- WHAT IS NEEDED
Go through the entries one line at a time, and gather every line that has the word "finite".

(Collected data entries)
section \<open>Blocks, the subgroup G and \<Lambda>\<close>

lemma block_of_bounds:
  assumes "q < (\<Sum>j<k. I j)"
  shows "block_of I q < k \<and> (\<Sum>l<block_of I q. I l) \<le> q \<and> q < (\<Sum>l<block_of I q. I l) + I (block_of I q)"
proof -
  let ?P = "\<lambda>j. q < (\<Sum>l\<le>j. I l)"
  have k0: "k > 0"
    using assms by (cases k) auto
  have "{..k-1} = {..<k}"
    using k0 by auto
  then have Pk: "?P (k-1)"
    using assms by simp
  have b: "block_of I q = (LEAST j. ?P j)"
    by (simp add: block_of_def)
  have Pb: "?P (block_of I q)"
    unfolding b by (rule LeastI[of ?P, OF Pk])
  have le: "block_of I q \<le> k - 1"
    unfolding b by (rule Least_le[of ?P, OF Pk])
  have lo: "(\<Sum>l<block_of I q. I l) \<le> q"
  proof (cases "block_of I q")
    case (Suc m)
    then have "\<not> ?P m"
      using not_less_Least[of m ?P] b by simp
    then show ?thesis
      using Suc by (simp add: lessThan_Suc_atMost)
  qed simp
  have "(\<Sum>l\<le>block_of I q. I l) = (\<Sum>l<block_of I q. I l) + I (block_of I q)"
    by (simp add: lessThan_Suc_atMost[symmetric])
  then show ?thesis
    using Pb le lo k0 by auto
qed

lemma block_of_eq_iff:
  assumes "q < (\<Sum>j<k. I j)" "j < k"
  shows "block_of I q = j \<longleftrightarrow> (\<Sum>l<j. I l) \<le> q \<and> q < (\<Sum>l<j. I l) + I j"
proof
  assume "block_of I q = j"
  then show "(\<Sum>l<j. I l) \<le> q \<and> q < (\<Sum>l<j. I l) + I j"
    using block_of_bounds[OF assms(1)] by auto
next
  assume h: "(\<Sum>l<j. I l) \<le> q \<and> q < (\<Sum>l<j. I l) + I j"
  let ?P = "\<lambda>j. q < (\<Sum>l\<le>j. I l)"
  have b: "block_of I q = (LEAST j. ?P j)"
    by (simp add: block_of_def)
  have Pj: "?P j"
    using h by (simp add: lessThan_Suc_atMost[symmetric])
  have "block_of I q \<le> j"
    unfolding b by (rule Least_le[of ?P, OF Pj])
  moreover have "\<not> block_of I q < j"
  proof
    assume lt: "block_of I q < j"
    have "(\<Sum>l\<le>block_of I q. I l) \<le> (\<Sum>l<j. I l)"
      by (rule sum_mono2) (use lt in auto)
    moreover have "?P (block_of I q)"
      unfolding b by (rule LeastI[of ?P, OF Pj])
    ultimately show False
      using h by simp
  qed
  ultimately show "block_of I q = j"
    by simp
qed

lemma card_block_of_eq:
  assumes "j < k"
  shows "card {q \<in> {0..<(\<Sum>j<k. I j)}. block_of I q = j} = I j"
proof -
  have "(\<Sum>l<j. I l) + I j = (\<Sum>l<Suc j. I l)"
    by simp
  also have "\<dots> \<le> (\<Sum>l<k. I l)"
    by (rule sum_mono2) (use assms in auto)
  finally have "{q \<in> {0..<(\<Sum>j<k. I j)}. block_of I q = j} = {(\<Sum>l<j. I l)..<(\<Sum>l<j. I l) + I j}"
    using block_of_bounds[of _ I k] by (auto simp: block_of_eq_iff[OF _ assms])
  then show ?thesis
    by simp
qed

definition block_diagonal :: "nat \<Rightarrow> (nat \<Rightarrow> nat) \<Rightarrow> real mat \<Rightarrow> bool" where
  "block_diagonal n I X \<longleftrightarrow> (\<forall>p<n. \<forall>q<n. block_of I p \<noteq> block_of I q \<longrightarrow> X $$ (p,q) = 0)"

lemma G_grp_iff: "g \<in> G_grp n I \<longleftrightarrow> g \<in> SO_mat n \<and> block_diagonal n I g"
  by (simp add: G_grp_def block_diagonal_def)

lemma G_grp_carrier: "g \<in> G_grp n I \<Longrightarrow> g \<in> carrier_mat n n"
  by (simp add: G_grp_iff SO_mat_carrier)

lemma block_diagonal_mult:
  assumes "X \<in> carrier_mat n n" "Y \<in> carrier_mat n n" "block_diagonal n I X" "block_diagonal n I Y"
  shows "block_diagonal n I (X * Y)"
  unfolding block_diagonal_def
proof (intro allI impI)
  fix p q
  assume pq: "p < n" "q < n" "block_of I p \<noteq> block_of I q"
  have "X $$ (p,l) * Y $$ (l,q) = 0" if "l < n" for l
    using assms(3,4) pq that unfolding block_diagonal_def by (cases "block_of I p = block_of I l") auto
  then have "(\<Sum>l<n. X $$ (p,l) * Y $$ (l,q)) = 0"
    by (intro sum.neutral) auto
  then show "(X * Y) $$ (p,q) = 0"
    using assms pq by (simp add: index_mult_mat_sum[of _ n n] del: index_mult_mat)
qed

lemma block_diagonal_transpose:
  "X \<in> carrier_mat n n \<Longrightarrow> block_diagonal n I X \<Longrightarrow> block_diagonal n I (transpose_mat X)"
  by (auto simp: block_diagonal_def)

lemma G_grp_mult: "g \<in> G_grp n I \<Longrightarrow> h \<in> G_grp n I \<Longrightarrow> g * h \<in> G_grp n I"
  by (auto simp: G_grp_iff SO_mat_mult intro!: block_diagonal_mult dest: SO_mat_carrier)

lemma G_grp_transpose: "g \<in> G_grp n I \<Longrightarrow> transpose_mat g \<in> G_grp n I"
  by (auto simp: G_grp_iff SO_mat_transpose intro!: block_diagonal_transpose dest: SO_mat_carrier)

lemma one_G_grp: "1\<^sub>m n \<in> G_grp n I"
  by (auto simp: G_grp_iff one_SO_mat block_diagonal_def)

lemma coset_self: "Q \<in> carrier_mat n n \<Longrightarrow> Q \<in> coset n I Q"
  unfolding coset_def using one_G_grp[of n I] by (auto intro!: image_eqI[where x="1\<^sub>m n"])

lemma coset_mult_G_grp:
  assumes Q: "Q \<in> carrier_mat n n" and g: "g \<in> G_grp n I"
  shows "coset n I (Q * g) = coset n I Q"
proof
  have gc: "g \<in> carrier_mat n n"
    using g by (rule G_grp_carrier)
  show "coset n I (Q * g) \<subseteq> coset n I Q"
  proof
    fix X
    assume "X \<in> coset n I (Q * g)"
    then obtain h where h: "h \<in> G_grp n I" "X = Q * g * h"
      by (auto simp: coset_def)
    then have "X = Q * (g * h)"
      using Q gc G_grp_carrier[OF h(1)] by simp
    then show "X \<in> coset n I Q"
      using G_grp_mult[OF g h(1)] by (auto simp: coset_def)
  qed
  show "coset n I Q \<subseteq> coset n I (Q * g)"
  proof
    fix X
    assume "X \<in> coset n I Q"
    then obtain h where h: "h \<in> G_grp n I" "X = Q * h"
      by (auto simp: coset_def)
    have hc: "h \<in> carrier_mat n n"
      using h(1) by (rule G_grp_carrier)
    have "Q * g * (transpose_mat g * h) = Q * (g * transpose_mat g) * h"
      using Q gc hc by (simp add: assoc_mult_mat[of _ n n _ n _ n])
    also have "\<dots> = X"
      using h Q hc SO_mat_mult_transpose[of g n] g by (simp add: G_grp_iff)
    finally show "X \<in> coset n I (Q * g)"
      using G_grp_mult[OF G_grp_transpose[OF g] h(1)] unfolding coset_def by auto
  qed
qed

* * *

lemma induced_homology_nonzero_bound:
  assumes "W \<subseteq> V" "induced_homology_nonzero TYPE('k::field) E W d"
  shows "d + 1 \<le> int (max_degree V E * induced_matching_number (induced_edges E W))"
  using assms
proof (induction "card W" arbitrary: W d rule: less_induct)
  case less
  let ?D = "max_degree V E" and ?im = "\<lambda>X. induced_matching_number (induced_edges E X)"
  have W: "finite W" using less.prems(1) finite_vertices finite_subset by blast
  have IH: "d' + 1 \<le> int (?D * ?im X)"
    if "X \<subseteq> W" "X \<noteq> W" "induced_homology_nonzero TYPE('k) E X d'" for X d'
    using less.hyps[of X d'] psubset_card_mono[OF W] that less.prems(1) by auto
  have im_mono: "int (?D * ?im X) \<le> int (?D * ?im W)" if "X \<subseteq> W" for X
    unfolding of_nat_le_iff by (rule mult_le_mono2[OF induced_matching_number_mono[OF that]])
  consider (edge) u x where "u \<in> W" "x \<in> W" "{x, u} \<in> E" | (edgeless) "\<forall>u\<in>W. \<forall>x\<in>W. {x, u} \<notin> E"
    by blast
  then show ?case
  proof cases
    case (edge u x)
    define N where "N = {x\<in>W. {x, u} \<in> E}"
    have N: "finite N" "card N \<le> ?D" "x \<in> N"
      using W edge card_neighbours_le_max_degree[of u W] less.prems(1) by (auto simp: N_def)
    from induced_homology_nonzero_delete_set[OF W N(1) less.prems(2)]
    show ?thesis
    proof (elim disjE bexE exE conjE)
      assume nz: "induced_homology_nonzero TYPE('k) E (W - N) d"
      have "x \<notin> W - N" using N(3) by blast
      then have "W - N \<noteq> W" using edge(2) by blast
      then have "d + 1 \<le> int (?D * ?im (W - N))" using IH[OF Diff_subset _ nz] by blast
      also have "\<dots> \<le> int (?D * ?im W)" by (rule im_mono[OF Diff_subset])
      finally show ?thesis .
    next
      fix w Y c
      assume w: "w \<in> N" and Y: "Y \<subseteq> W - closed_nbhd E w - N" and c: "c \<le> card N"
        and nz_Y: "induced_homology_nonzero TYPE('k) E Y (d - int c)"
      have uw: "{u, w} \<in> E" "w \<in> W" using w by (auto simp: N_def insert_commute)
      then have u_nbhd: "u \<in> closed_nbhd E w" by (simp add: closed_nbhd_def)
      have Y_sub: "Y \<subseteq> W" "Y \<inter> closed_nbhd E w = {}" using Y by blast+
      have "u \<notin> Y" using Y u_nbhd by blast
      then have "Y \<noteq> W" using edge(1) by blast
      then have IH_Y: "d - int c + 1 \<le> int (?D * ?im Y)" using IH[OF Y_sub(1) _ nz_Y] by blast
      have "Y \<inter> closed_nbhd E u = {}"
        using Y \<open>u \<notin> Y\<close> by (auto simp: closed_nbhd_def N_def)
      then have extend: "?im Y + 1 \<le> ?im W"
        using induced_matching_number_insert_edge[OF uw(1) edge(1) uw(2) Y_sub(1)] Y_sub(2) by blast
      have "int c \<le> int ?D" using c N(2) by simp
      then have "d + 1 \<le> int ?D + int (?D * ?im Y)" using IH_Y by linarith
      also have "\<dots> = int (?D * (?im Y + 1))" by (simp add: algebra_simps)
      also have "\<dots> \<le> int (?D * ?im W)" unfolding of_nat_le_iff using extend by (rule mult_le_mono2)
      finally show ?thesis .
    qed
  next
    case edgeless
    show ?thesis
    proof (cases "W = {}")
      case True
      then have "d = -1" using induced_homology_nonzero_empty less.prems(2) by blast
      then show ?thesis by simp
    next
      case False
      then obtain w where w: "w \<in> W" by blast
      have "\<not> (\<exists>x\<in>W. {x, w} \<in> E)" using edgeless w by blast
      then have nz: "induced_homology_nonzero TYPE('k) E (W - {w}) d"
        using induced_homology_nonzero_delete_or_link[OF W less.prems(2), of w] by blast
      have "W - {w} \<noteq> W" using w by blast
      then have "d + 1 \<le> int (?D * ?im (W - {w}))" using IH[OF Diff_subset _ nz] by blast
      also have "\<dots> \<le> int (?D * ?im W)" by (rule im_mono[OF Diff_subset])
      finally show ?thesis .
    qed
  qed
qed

- ANSWER TO THE EXERCISE
  have W: "finite W" using less.prems(1) finite_vertices finite_subset by blast
    have N: "finite N" "card N \<le> ?D" "x \<in> N"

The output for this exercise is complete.